Toyota is shutting down its plants for the Christmas holiday Dec. 22, two days earlier than normal. Included in the early closing is Georgetown, KY, where the Venza CUV and Camry and Avalon passenger cars are produced.

However, Carter says the auto maker will make up for the lost Venza output in the first quarter, when it will launch a marketing campaign for the 2-row CUV.

“Those Venzas will come out of the fourth quarter (and) come back in the first quarter,” he says, noting all 8,900 units Toyota will lose by taking down production two extra days next month will be recovered by the end of Q1.

“It’s nothing more than shifting (units to be built) from one quarter to the next,” Carter says. “We do that all the time. I’m surprised this one got as much play as it did.”

Toyota begins shipment of the Venza from Georgetown this Friday, he says.

Meanwhile, Carter calls recent reports out of Japan that Toyota will push back the start date of Prius hybrid-electric vehicle production in Mississippi false.

“Speculation that was printed in some of the Japanese papers about the postponement of Mississippi was purely speculation,” he says. “There’s no decision made at this point.”

Toyota is to begin building the next-generation Prius in Blue Springs, MS, in late 2010. The Nikkei business daily said the auto maker was considering delaying the start of production until 2011 or later in light of the current global economic crisis.

But Toyota has been chronically short of its best-selling HEV on and off for years, and Carter says he needs all the Priuses he can get.

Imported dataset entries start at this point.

(* Let $g$ be either $F$, or $F_{\cdot,c}$ for some fixed $c\in\mathbb{C}^d$, or $f$ in the case $s=n$, with respective parameter spaces $\mathbb{C}^r\times\mathbb{C}^d$, $\mathbb{C}^r$, $\mathbb{C}^r$. If $g_{\alpha^*}(x)=0$ has a nondegenerate solution in $(\mathbb{C}^* )^n$ for some parameter value $\alpha^*$, then there is a nonempty Zariski open subset of the parameter space such that for all $\alpha$ in it, all solutions in $(\mathbb{C}^* )^n$ of $g_\alpha(x)=0$ are nondegenerate.
   Context: Let $N\in\mathbb{C}^{s\times r}$ have rank $s$, $W\in\mathbb{C}^{d\times n}$ have rank $d=n-s$, $B\in\mathbb{Z}^{n\times r}$. $\circ$ is the Hadamard product and $x^B\in\mathbb{C}^r$ has $j$-th entry $\prod_i x_i^{b_{ij}}$. $f(\kappa,x)=N(\kappa\circ x^B)$ with parameters $\kappa\in\mathbb{C}^r$; $F(\kappa,c,x)=\begin{pmatrix}f(\kappa,x)\\ Wx-c\end{pmatrix}$ with parameters $(\kappa,c)\in\mathbb{C}^r\times\mathbb{C}^d$; $F_{\cdot,c}(\kappa,x)=F(\kappa,c,x)$ for fixed $c$, with parameters $\kappa$. For a parametric system $g$ with $t$ equations, $g_\alpha=g(\alpha,\cdot)$, and a solution $x^*\in(\mathbb{C}^* )^n$ of $g_\alpha(x)=0$ is nondegenerate if the Jacobian of $g_\alpha$ with respect to $x$ at $x^*$ has rank $t$. *)

theory Defs
  imports "HOL-Analysis.Analysis"
begin

text \<open>Vectors in C^k are represented as functions nat => complex that vanish
  outside the index range {0..<k}.\<close>

definition cvec :: "nat \<Rightarrow> (nat \<Rightarrow> complex) set" where
  "cvec k = {x. \<forall>i\<ge>k. x i = 0}"

definition torus :: "nat \<Rightarrow> (nat \<Rightarrow> complex) set" where
  "torus n = {x \<in> cvec n. \<forall>i<n. x i \<noteq> 0}"

definition poly_fun :: "nat \<Rightarrow> ((nat \<Rightarrow> complex) \<Rightarrow> complex) \<Rightarrow> bool" where
  "poly_fun m p \<longleftrightarrow> (\<exists>A (c :: (nat \<Rightarrow> nat) \<Rightarrow> complex).
      finite A \<and> (\<forall>a\<in>A. \<forall>i\<ge>m. a i = 0) \<and>
      p = (\<lambda>z. \<Sum>a\<in>A. c a * (\<Prod>i<m. z i ^ a i)))"

definition zariski_open :: "nat \<Rightarrow> (nat \<Rightarrow> complex) set \<Rightarrow> bool" where
  "zariski_open m U \<longleftrightarrow> (\<exists>P. (\<forall>p\<in>P. poly_fun m p) \<and>
      U = {z \<in> cvec m. \<exists>p\<in>P. p z \<noteq> 0})"

definition full_row_rank :: "nat \<Rightarrow> nat \<Rightarrow> (nat \<Rightarrow> nat \<Rightarrow> complex) \<Rightarrow> bool" where
  "full_row_rank t k M \<longleftrightarrow>
     (\<forall>a. (\<forall>j<k. (\<Sum>i<t. a i * M i j) = 0) \<longrightarrow> (\<forall>i<t. a i = 0))"

definition jac :: "((nat \<Rightarrow> complex) \<Rightarrow> (nat \<Rightarrow> complex) \<Rightarrow> (nat \<Rightarrow> complex))
    \<Rightarrow> (nat \<Rightarrow> complex) \<Rightarrow> (nat \<Rightarrow> complex) \<Rightarrow> nat \<Rightarrow> nat \<Rightarrow> complex" where
  "jac G \<alpha> x i j = deriv (\<lambda>z. G \<alpha> (x(j := z)) i) (x j)"

definition nondeg_sol :: "nat \<Rightarrow> nat \<Rightarrow>
    ((nat \<Rightarrow> complex) \<Rightarrow> (nat \<Rightarrow> complex) \<Rightarrow> (nat \<Rightarrow> complex))
    \<Rightarrow> (nat \<Rightarrow> complex) \<Rightarrow> (nat \<Rightarrow> complex) \<Rightarrow> bool" where
  "nondeg_sol t n G \<alpha> x \<longleftrightarrow> x \<in> torus n \<and> (\<forall>i<t. G \<alpha> x i = 0) \<and>
      full_row_rank t n (jac G \<alpha> x)"

definition generic_nondeg_property :: "nat \<Rightarrow> nat \<Rightarrow> nat \<Rightarrow>
    ((nat \<Rightarrow> complex) \<Rightarrow> (nat \<Rightarrow> complex) \<Rightarrow> (nat \<Rightarrow> complex)) \<Rightarrow> bool" where
  "generic_nondeg_property m t n G \<longleftrightarrow>
     ((\<exists>\<alpha>\<in>cvec m. \<exists>x. nondeg_sol t n G \<alpha> x) \<longrightarrow>
      (\<exists>U. zariski_open m U \<and> U \<noteq> {} \<and>
         (\<forall>\<alpha>\<in>U. \<forall>x\<in>torus n. (\<forall>i<t. G \<alpha> x i = 0) \<longrightarrow> nondeg_sol t n G \<alpha> x)))"

definition monvec :: "nat \<Rightarrow> (nat \<Rightarrow> nat \<Rightarrow> int) \<Rightarrow> (nat \<Rightarrow> complex) \<Rightarrow> nat \<Rightarrow> complex" where
  "monvec n B x j = (\<Prod>i<n. x i powi B i j)"

definition fsys :: "nat \<Rightarrow> nat \<Rightarrow> nat \<Rightarrow> (nat \<Rightarrow> nat \<Rightarrow> complex) \<Rightarrow> (nat \<Rightarrow> nat \<Rightarrow> int)
    \<Rightarrow> (nat \<Rightarrow> complex) \<Rightarrow> (nat \<Rightarrow> complex) \<Rightarrow> nat \<Rightarrow> complex" where
  "fsys s r n N B \<kappa> x i = (if i < s then (\<Sum>j<r. N i j * (\<kappa> j * monvec n B x j)) else 0)"

definition Fsys :: "nat \<Rightarrow> nat \<Rightarrow> nat \<Rightarrow> nat \<Rightarrow> (nat \<Rightarrow> nat \<Rightarrow> complex) \<Rightarrow> (nat \<Rightarrow> nat \<Rightarrow> complex)
    \<Rightarrow> (nat \<Rightarrow> nat \<Rightarrow> int) \<Rightarrow> (nat \<Rightarrow> complex) \<Rightarrow> (nat \<Rightarrow> complex) \<Rightarrow> (nat \<Rightarrow> complex) \<Rightarrow> nat \<Rightarrow> complex" where
  "Fsys s d r n N W B \<kappa> c x i =
     (if i < s then fsys s r n N B \<kappa> x i
      else if i < s + d then (\<Sum>k<n. W (i - s) k * x k) - c (i - s) else 0)"

end

theory Submission
  imports Defs "HOL-Library.Poly_Mapping" "Jordan_Normal_Form.Determinant"
begin

text \<open>
  Write \<open>v = \<kappa> \<circ> x\<^sup>B\<close>. At a solution \<open>v\<close> lies in \<open>ker N\<close>, so it is a linear function of
  \<open>r - s\<close> free coordinates \<open>Y\<^sub>I\<close>; likewise \<open>x\<close> is either free or, for fixed \<open>c\<close>, an affine
  function of \<open>n - d\<close> coordinates of the fibre \<open>W x = c\<close>. In these at most \<open>m\<close> variables
  (\<open>m\<close> the dimension of the parameter space) the parameters become rational functions
  \<open>\<psi>/h\<close>, with \<open>h\<close> a power of \<open>x\<^sub>1\<cdots>x\<^sub>n\<close>, and degeneracy of the solution \<open>x\<close> is the vanishing
  of a polynomial \<open>Q\<close>, the determinant of the Jacobian rescaled by \<open>diag x\<close>. The given
  nondegenerate solution shows \<open>Q \<noteq> 0\<close>. On the hypersurface \<open>Q = 0\<close> the \<open>m\<close> functions
  \<open>\<psi>/h\<close> are algebraically dependent: counting monomials in a box, there are more products
  of them of bounded degree than there are polynomials of that degree modulo \<open>Q\<close>. So every
  degenerate parameter is a zero of one nonzero polynomial, whose complement is the
  required Zariski open set.
\<close>

section \<open>Polynomials in finitely many variables\<close>

type_synonym monom = "nat \<Rightarrow>\<^sub>0 nat"
type_synonym mpoly = "monom \<Rightarrow>\<^sub>0 complex"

“When I pull the cover off the (next-generation) Prius in January (at the Detroit auto show)…I want them all, and I don’t think I can get enough out of the current manufacturing base.”

However, Carter does reiterate Toyota’s plan, revealed Nov. 6, to review the timing and scale of projects it has announced via a committee headed by TMC President Katsuaki Watanabe.

The Emergency Profit Improvement Committee was formed as Toyota disclosed it was halving its fiscal net income forecast due to the global economic crisis, and surging yen, impacting the auto maker’s profitability.